Du könntest aber freundlich sein zu jedermann.  Tanzen und singen
mögen andere, denen das Leben leichter ist.  Aber ein gutes Wort
geben schickt sich auch für einen Betrübten.

Sie sah vor sich nieder und zog die Brauen dichter zusammen, als
wollte sie ihre schwarzen Augen drunter verstecken.  Eine Weile
fuhren sie schweigend dahin.  Die Sonne stand nun prächtig über dem
Gebirg, die Spitze des Vesuv ragte über die Wolkenschicht heraus, die
noch den Fuß umzogen hielt, und die Häuser auf der Ebene von Sorrent
blickten weiß aus den grünen Orangengärten hervor.

Hat jener Maler nichts wieder von sich hören lassen, Laurella, jener
Napolitaner, der dich zur Frau haben wollte? fragte der Pfarrer.

Sie schüttelte den Kopf.

Er kam damals, ein Bild von dir zu machen.  Warum hast du's ihm
abgeschlagen?

Wozu wollt' er es nur?  Es sind andere schöner als ich.  Und
dann--wer weiß, was er damit getrieben hätte.  Er hätte mich damit
verzaubern können und meine Seele beschädigen, oder mich gar zu Tode
bringen, sagte die Mutter.

Glaube nicht so sündliche Dinge, sprach der Pfarrer ernsthaft.  Bist
du nicht immer in Gottes Hand, ohne dessen Willen dir kein Haar vom
Haupte fällt?  Und soll ein Mensch mit so einem Bild in der Hand
stärker sein als der Herrgott?--Zudem konntest du ja sehen, daß er
dir wohlwollte.  Hat er dich sonst heiraten wollen?

Sie schwieg.

Und warum hast du ihn ausgeschlagen?  Es soll ein braver Mann gewesen
sein und ganz stattlich und hätte dich und deine Mutter besser
ernähren können, als du es nun kannst mit dem bißchen Spinnen und
Seidewickeln.

Wir sind arme Leute, sagte sie heftig, und meine Mutter nun gar seit
so lange krank.  Wir wären ihm nur zur Last gefallen.  Und ich tauge
auch nicht für einen Signore.  Wenn seine Freunde zu ihm gekommen
wären, hätte er sich meiner geschämt.

Was du auch redest!  Ich sage dir ja, daß es ein braver Herr war.
Und überdies wollte er ja nach Sorrent übersiedeln.  Es wird nicht
bald so einer wiederkommen, der wie recht vom Himmel geschickt war,
um euch aufzuhelfen.

Ich will gar keinen Mann, niemals! sagte sie ganz trotzig und wie vor
sich hin.

Hast du ein Gelübde getan, oder willst in ein Kloster gehen?

Sie schüttelte den Kopf.

Die Leute haben recht, die dir deinen Eigensinn vorhalten, wenn auch
jener Name nicht schön ist.  Bedenkst du nicht, daß du nicht allein
auf der Welt bist, und durch diesen Starrsinn deiner kranken Mutter
das Leben und ihre Krankheit nur bitterer machst?  Was kannst du für
wichtige Gründe haben, jede rechtschaffene Hand abzuweisen, die dich
und die Mutter stützen will?  Antworte mir, Laurella!
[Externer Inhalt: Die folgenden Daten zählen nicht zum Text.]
(* Let $q\in\mathbb{C}^\times$ be not a root of unity, $\varphi\in\mathbb{C}[x]^{\langle0\rangle}$, and let $v_0$ be a highest weight vector of the $U_q(\mathfrak{sl}_2^{\langle0\rangle}[x])$-module $L(\mathbf{u}^{\langle0\rangle}(\varphi))$. Then, as formal power series in $w$, $$\Psi^+(w)\cdot v_0=\beta_\varphi q^{\deg\varphi}\frac{\varphi^\flat(q^{-2}w)}{\varphi^\flat(w)}v_0.$$
   Context: $[k]=(q^k-q^{-k})/(q-q^{-1})$, $[x,y]=xy-yx$. $U_q(\mathfrak{sl}_2^{\langle0\rangle}[x])$ is the $\mathbb{C}$-algebra with generators $X^\pm_t,J_t$ ($t\ge0$), $K^\pm$ and relations: $K^+$ and all $J_t$ pairwise commute; $K^+K^-=1=K^-K^+$; $(K^-)^2=1-(q-q^{-1})J_0$; $X^\pm_{t+1}X^\pm_s-q^{\pm2}X^\pm_sX^\pm_{t+1}=q^{\pm2}X^\pm_tX^\pm_{s+1}-X^\pm_{s+1}X^\pm_t$; $K^+X^\pm_tK^-=q^{\pm2}X^\pm_t$; $q^{\pm2}J_0X^\pm_t-q^{\mp2}X^\pm_tJ_0=\pm[2]X^\pm_t$; $[J_{s+1},X^\pm_t]=q^{\pm2}J_sX^\pm_{t+1}-q^{\mp2}X^\pm_{t+1}J_s$; $[X^+_t,X^-_s]=K^+J_{s+t}$. $\Psi^+_0=K^+$, $\Psi^+_t=(q-q^{-1})K^+J_t$ ($t>0$), $\Psi^+(w)=\sum_{t\ge0}\Psi^+_tw^t$. $L(\mathbf{u})$ for $\mathbf{u}=(\lambda,(u_t)_{t>0})$ is the simple module generated by $v_0$ with $X^+_tv_0=0$, $K^+v_0=\lambda v_0$, $J_tv_0=u_tv_0$ ($t>0$). $p_t(q)(x_1,\dots,x_k)=\sum_{\lambda\vdash t,\ell(\lambda)\le k}q^{-\ell(\lambda)}(q-q^{-1})^{\ell(\lambda)-1}m_\lambda(x_1,\dots,x_k)$. $\mathbb{C}[x]^{\langle0\rangle}$ is the set of $\varphi=\beta_\varphi(x-\gamma_1)\cdots(x-\gamma_k)$ with $\beta_\varphi=\pm1$; $\mathbf{u}^{\langle0\rangle}(\varphi)=(\beta_\varphi,(0)_{t>0})$ if $k=0$, $(\beta_\varphi q^k,(p_t(q)(\gamma_1,\dots,\gamma_k))_{t>0})$ if $k>0$. $\varphi^\flat(w)=(1-\gamma_1w)\cdots(1-\gamma_kw)$. *)

theory Defs
  imports "HOL-Computational_Algebra.Formal_Power_Series" "HOL-Computational_Algebra.Polynomial" "HOL-Library.Multiset"
begin

definition qint :: "complex \<Rightarrow> nat \<Rightarrow> complex" where
  "qint q k = (q ^ k - inverse q ^ k) / (q - inverse q)"

(* A representation of U_q(sl_2^<0>[x]) on the complex vector space ('v, s):
   the generators X^+_t, X^-_t, J_t, K^+, K^- act by linear maps Xp t, Xm t, J t, Kp, Km
   satisfying the defining relations (stated pointwise on vectors). *)
definition uq_rep ::
  "complex \<Rightarrow> (complex \<Rightarrow> 'v::ab_group_add \<Rightarrow> 'v) \<Rightarrow> (nat \<Rightarrow> 'v \<Rightarrow> 'v) \<Rightarrow> (nat \<Rightarrow> 'v \<Rightarrow> 'v)
     \<Rightarrow> (nat \<Rightarrow> 'v \<Rightarrow> 'v) \<Rightarrow> ('v \<Rightarrow> 'v) \<Rightarrow> ('v \<Rightarrow> 'v) \<Rightarrow> bool" where
  "uq_rep q s Xp Xm J Kp Km \<longleftrightarrow>
     vector_space s \<and>
     (\<forall>t. Vector_Spaces.linear s s (Xp t) \<and> Vector_Spaces.linear s s (Xm t)
          \<and> Vector_Spaces.linear s s (J t)) \<and>
     Vector_Spaces.linear s s Kp \<and> Vector_Spaces.linear s s Km \<and>
     (\<forall>t v. Kp (J t v) = J t (Kp v)) \<and>
     (\<forall>t r v. J t (J r v) = J r (J t v)) \<and>
     (\<forall>v. Kp (Km v) = v \<and> Km (Kp v) = v) \<and>
     (\<forall>v. Km (Km v) = v - s (q - inverse q) (J 0 v)) \<and>
     (\<forall>t r v. Xp (Suc t) (Xp r v) - s (q ^ 2) (Xp r (Xp (Suc t) v))
              = s (q ^ 2) (Xp t (Xp (Suc r) v)) - Xp (Suc r) (Xp t v)) \<and>
     (\<forall>t r v. Xm (Suc t) (Xm r v) - s (inverse q ^ 2) (Xm r (Xm (Suc t) v))
              = s (inverse q ^ 2) (Xm t (Xm (Suc r) v)) - Xm (Suc r) (Xm t v)) \<and>
     (\<forall>t v. Kp (Xp t (Km v)) = s (q ^ 2) (Xp t v)) \<and>
     (\<forall>t v. Kp (Xm t (Km v)) = s (inverse q ^ 2) (Xm t v)) \<and>
     (\<forall>t v. s (q ^ 2) (J 0 (Xp t v)) - s (inverse q ^ 2) (Xp t (J 0 v)) = s (qint q 2) (Xp t v)) \<and>
     (\<forall>t v. s (inverse q ^ 2) (J 0 (Xm t v)) - s (q ^ 2) (Xm t (J 0 v)) = - s (qint q 2) (Xm t v)) \<and>
     (\<forall>r t v. J (Suc r) (Xp t v) - Xp t (J (Suc r) v)
              = s (q ^ 2) (J r (Xp (Suc t) v)) - s (inverse q ^ 2) (Xp (Suc t) (J r v))) \<and>
     (\<forall>r t v. J (Suc r) (Xm t v) - Xm t (J (Suc r) v)
              = s (inverse q ^ 2) (J r (Xm (Suc t) v)) - s (q ^ 2) (Xm (Suc t) (J r v))) \<and>
     (\<forall>t r v. Xp t (Xm r v) - Xm r (Xp t v) = Kp (J (r + t) v))"

definition uq_submodule ::
  "(complex \<Rightarrow> 'v::ab_group_add \<Rightarrow> 'v) \<Rightarrow> (nat \<Rightarrow> 'v \<Rightarrow> 'v) \<Rightarrow> (nat \<Rightarrow> 'v \<Rightarrow> 'v)
     \<Rightarrow> (nat \<Rightarrow> 'v \<Rightarrow> 'v) \<Rightarrow> ('v \<Rightarrow> 'v) \<Rightarrow> ('v \<Rightarrow> 'v) \<Rightarrow> 'v set \<Rightarrow> bool" where
  "uq_submodule s Xp Xm J Kp Km W \<longleftrightarrow>
     module.subspace s W \<and>
     (\<forall>w\<in>W. (\<forall>t. Xp t w \<in> W \<and> Xm t w \<in> W \<and> J t w \<in> W) \<and> Kp w \<in> W \<and> Km w \<in> W)"

definition uq_simple ::
  "complex \<Rightarrow> (complex \<Rightarrow> 'v::ab_group_add \<Rightarrow> 'v) \<Rightarrow> (nat \<Rightarrow> 'v \<Rightarrow> 'v) \<Rightarrow> (nat \<Rightarrow> 'v \<Rightarrow> 'v)
     \<Rightarrow> (nat \<Rightarrow> 'v \<Rightarrow> 'v) \<Rightarrow> ('v \<Rightarrow> 'v) \<Rightarrow> ('v \<Rightarrow> 'v) \<Rightarrow> bool" where
  "uq_simple q s Xp Xm J Kp Km \<longleftrightarrow>
     uq_rep q s Xp Xm J Kp Km \<and> (\<exists>v::'v. v \<noteq> 0) \<and>
     (\<forall>W. uq_submodule s Xp Xm J Kp Km W \<longrightarrow> W = {0} \<or> W = UNIV)"

definition highest_weight_vector ::
  "(complex \<Rightarrow> 'v::ab_group_add \<Rightarrow> 'v) \<Rightarrow> (nat \<Rightarrow> 'v \<Rightarrow> 'v) \<Rightarrow> (nat \<Rightarrow> 'v \<Rightarrow> 'v) \<Rightarrow> ('v \<Rightarrow> 'v)
     \<Rightarrow> complex \<Rightarrow> (nat \<Rightarrow> complex) \<Rightarrow> 'v \<Rightarrow> bool" where
  "highest_weight_vector s Xp J Kp lam u v0 \<longleftrightarrow>
     v0 \<noteq> 0 \<and> (\<forall>t. Xp t v0 = 0) \<and> Kp v0 = s lam v0 \<and> (\<forall>t>0. J t v0 = s (u t) v0)"

definition Psi_plus ::
  "complex \<Rightarrow> (complex \<Rightarrow> 'v \<Rightarrow> 'v) \<Rightarrow> (nat \<Rightarrow> 'v \<Rightarrow> 'v) \<Rightarrow> ('v \<Rightarrow> 'v) \<Rightarrow> nat \<Rightarrow> 'v \<Rightarrow> 'v" where
  "Psi_plus q s J Kp t v = (if t = 0 then Kp v else s (q - inverse q) (Kp (J t v)))"

(* partitions of t: multisets of positive integers summing to t; length = size *)
definition partitions_of :: "nat \<Rightarrow> nat multiset set" where
  "partitions_of t = {lam. (\<forall>n\<in>#lam. 0 < n) \<and> sum_mset lam = t}"

(* monomial symmetric polynomial m_lam(x_1,...,x_k), variables given as a list of length k:
   sum over exponent vectors (a_1..a_k) whose nonzero entries form the multiset lam *)
definition mono_sym :: "nat multiset \<Rightarrow> complex list \<Rightarrow> complex" where
  "mono_sym lam xs =
     (\<Sum>a \<in> {a::nat \<Rightarrow> nat. (\<forall>i\<ge>length xs. a i = 0) \<and>
                filter_mset (\<lambda>n. n \<noteq> 0) (image_mset a (mset_set {..<length xs})) = lam}.
        \<Prod>i<length xs. (xs ! i) ^ a i)"

definition p_poly :: "complex \<Rightarrow> nat \<Rightarrow> complex list \<Rightarrow> complex" where
  "p_poly q t xs =
     (\<Sum>lam \<in> {lam \<in> partitions_of t. size lam \<le> length xs}.
        inverse q ^ size lam * (q - inverse q) ^ (size lam - 1) * mono_sym lam xs)"

(* phi = beta (x - g_1)...(x - g_k) is encoded by beta and the list gs = [g_1,...,g_k] *)
definition phi_poly :: "complex \<Rightarrow> complex list \<Rightarrow> complex poly" where
  "phi_poly beta gs = smult beta (\<Prod>g\<leftarrow>gs. [:- g, 1:])"

(* u^<0>(phi): the K^+-eigenvalue and the J_t-eigenvalues (t>0) *)
definition u0_lambda :: "complex \<Rightarrow> complex \<Rightarrow> complex list \<Rightarrow> complex" where
  "u0_lambda q beta gs = (if gs = [] then beta else beta * q ^ length gs)"

definition u0_J :: "complex \<Rightarrow> complex list \<Rightarrow> nat \<Rightarrow> complex" where
  "u0_J q gs t = (if gs = [] then 0 else p_poly q t gs)"

(* phi^flat(c w) = (1 - g_1 c w)...(1 - g_k c w) as a formal power series in w *)
definition phi_flat :: "complex list \<Rightarrow> complex \<Rightarrow> complex fps" where
  "phi_flat gs c = (\<Prod>g\<leftarrow>gs. 1 - fps_const (g * c) * fps_X)"

end

(*
  On a highest weight vector, Psi^+_t acts by lambda (q - q^-1) u_t for t > 0, so the claim is
  an identity of coefficients.  Each factor of phi^flat(q^-2 w) / phi^flat(w) expands as
  (1 - q^-2 g w) / (1 - g w) = 1 + (1 - q^-2) (g w + g^2 w^2 + ...), hence the coefficient of
  w^t in the product is a sum over weak compositions f of t of (1 - q^-2)^#supp(f) g^f.
  Grouping compositions by their multiset of nonzero parts yields monomial symmetric
  functions, and (q - q^-1) q^-l (q - q^-1)^(l-1) = (1 - q^-2)^l turns the sum into
  (q - q^-1) p_t(q).
*)
theory Submission
  imports Defs
begin

definition weak_compositions :: "nat \<Rightarrow> nat \<Rightarrow> (nat \<Rightarrow> nat) set" where
  "weak_compositions k t = {f. (\<forall>i\<ge>k. f i = 0) \<and> (\<Sum>i<k. f i) = t}"

lemma size_eq_sum_count:
  assumes "set_mset X \<subseteq> A" "finite A"
  shows "size X = (\<Sum>i\<in>A. count X i)"
  unfolding size_multiset_overloaded_eq
  by (rule sum.mono_neutral_left) (use assms in \<open>auto simp: not_in_iff\<close>)

lemma weak_compositions_eq_image_count:
  "weak_compositions k t = count ` multisets_of_size {..<k} t"
proof (intro set_eqI iffI)
  fix f assume f: "f \<in> weak_compositions k t"
  then have supp: "{i. 0 < f i} \<subseteq> {..<k}"
    by (auto simp: weak_compositions_def not_less[symmetric])
  then have "f \<in> {f. finite {x. 0 < f x}}" by (auto intro: finite_subset)
  then have count_Abs: "count (Abs_multiset f) = f" by (rule Abs_multiset_inverse)
  then have "set_mset (Abs_multiset f) \<subseteq> {..<k}"
    using supp by (simp add: set_mset_def)
  then have "Abs_multiset f \<in> multisets_of_size {..<k} t"
    using f by (simp add: multisets_of_size_def weak_compositions_def count_Abs size_eq_sum_count)
  with count_Abs show "f \<in> count ` multisets_of_size {..<k} t" by force
next
  fix f assume "f \<in> count ` multisets_of_size {..<k} t"
  then obtain X where X: "set_mset X \<subseteq> {..<k}" "size X = t" and f: "f = count X"
    by (auto simp: multisets_of_size_def)
  have "\<forall>i\<ge>k. count X i = 0"
    using X(1) by (auto simp: count_eq_zero_iff)
  with X show "f \<in> weak_compositions k t"
    by (simp add: weak_compositions_def f size_eq_sum_count)
qed

lemma finite_weak_compositions: "finite (weak_compositions k t)"
  by (simp add: weak_compositions_eq_image_count finite_multisets_of_size)

lemma weak_compositions_0: "weak_compositions k 0 = {\<lambda>_. 0}"
  by (auto simp: weak_compositions_def fun_eq_iff not_less[symmetric])

lemma fps_nth_prod_lessThan:
  fixes F :: "nat \<Rightarrow> 'a::comm_semiring_1 fps"
  shows "fps_nth (\<Prod>i<k. F i) t = (\<Sum>f\<in>weak_compositions k t. \<Prod>i<k. fps_nth (F i) (f i))"
  unfolding fps_prod_nth'[OF finite_lessThan] weak_compositions_eq_image_count
  by (simp add: sum.reindex inj_on_def count_inject)

definition linear_ratio_fps :: "'a::comm_ring_1 \<Rightarrow> 'a \<Rightarrow> 'a fps" where
  "linear_ratio_fps c x = Abs_fps (\<lambda>n. if n = 0 then 1 else (1 - c) * x ^ n)"

lemma linear_ratio_fps_mult:
  "linear_ratio_fps c x * (1 - fps_const x * fps_X) = 1 - fps_const (x * c) * fps_X"
proof (rule fps_ext)
  fix n
  show "fps_nth (linear_ratio_fps c x * (1 - fps_const x * fps_X)) n
        = fps_nth (1 - fps_const (x * c) * fps_X) n"
    by (cases n rule: nat.exhaust[case_product nat.exhaust])
       (auto simp: linear_ratio_fps_def algebra_simps fps_X_mult_nth mult.left_commute[of _ fps_X])
qed

lemma fps_nth_prod_linear_ratio:
  "fps_nth (\<Prod>i<k. linear_ratio_fps c (x i)) t =
     (\<Sum>f\<in>weak_compositions k t. (1 - c) ^ card {i\<in>{..<k}. f i \<noteq> 0} * (\<Prod>i<k. x i ^ f i))"
proof -
  have "(\<Prod>i<k. fps_nth (linear_ratio_fps c (x i)) (f i))
        = (1 - c) ^ card {i\<in>{..<k}. f i \<noteq> 0} * (\<Prod>i<k. x i ^ f i)" for f
  proof -
    have "(\<Prod>i<k. fps_nth (linear_ratio_fps c (x i)) (f i))
          = (\<Prod>i<k. (if f i \<noteq> 0 then 1 - c else 1)) * (\<Prod>i<k. x i ^ f i)"
      by (auto simp: linear_ratio_fps_def prod.distrib[symmetric] intro!: prod.cong)
    also have "(\<Prod>i<k. (if f i \<noteq> 0 then 1 - c else 1)) = (1 - c) ^ card {i\<in>{..<k}. f i \<noteq> 0}"
      by (simp add: prod.inter_filter[symmetric])
    finally show ?thesis .
  qed
  then show ?thesis by (simp add: fps_nth_prod_lessThan)
qed

lemma phi_flat_conv_prod_lessThan:
  "phi_flat gs c = (\<Prod>i<length gs. 1 - fps_const (gs ! i * c) * fps_X)"
  by (simp add: phi_flat_def prod.list_conv_set_nth atLeast0LessThan)

lemma phi_flat_nonzero: "phi_flat gs c \<noteq> 0"
proof -
  have "fps_nth (phi_flat gs c) 0 = 1"
    by (induction gs) (simp_all add: phi_flat_def)
  then show ?thesis by auto
qed

lemma phi_flat_eq_prod_linear_ratio_mult:
  "phi_flat gs c = (\<Prod>i<length gs. linear_ratio_fps c (gs ! i)) * phi_flat gs 1"
  by (simp add: phi_flat_conv_prod_lessThan linear_ratio_fps_mult prod.distrib[symmetric])

lemma fps_nth_phi_flat_quotient_weak_compositions:
  "fps_nth (fps_const L * phi_flat gs c / phi_flat gs 1) t =
     L * (\<Sum>f\<in>weak_compositions (length gs) t.
            (1 - c) ^ card {i\<in>{..<length gs}. f i \<noteq> 0} * (\<Prod>i<length gs. (gs ! i) ^ f i))"
proof -
  have "fps_const L * phi_flat gs c / phi_flat gs 1
        = fps_const L * (\<Prod>i<length gs. linear_ratio_fps c (gs ! i))"
    by (subst phi_flat_eq_prod_linear_ratio_mult)
       (simp add: mult.assoc[symmetric] phi_flat_nonzero)
  then show ?thesis by (simp add: fps_nth_prod_linear_ratio)
qed

definition nonzero_parts :: "nat \<Rightarrow> (nat \<Rightarrow> nat) \<Rightarrow> nat multiset" where
  "nonzero_parts k f = filter_mset (\<lambda>n. n \<noteq> 0) (image_mset f (mset_set {..<k}))"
Ich habe wohl einen Grund, sagte sie leise und zögernd.  Aber ich
kann ihn nicht sagen.

Nicht sagen?  Auch mir nicht?  Nicht deinem Beichtvater, dem du doch
sonst wohl zutraust, daß er es gut mit dir meint?  Oder nicht?

Sie nickte.

So erleichtere dein Herz, Kind.  Wenn du recht hast, will ich der
erste sein, dir recht zu geben.  Aber du bist jung und kennst die
Welt wenig, und es möchte dich später einmal gereuen, wenn du um
kindischer Gedanken willen dein Glück verscherzt hast.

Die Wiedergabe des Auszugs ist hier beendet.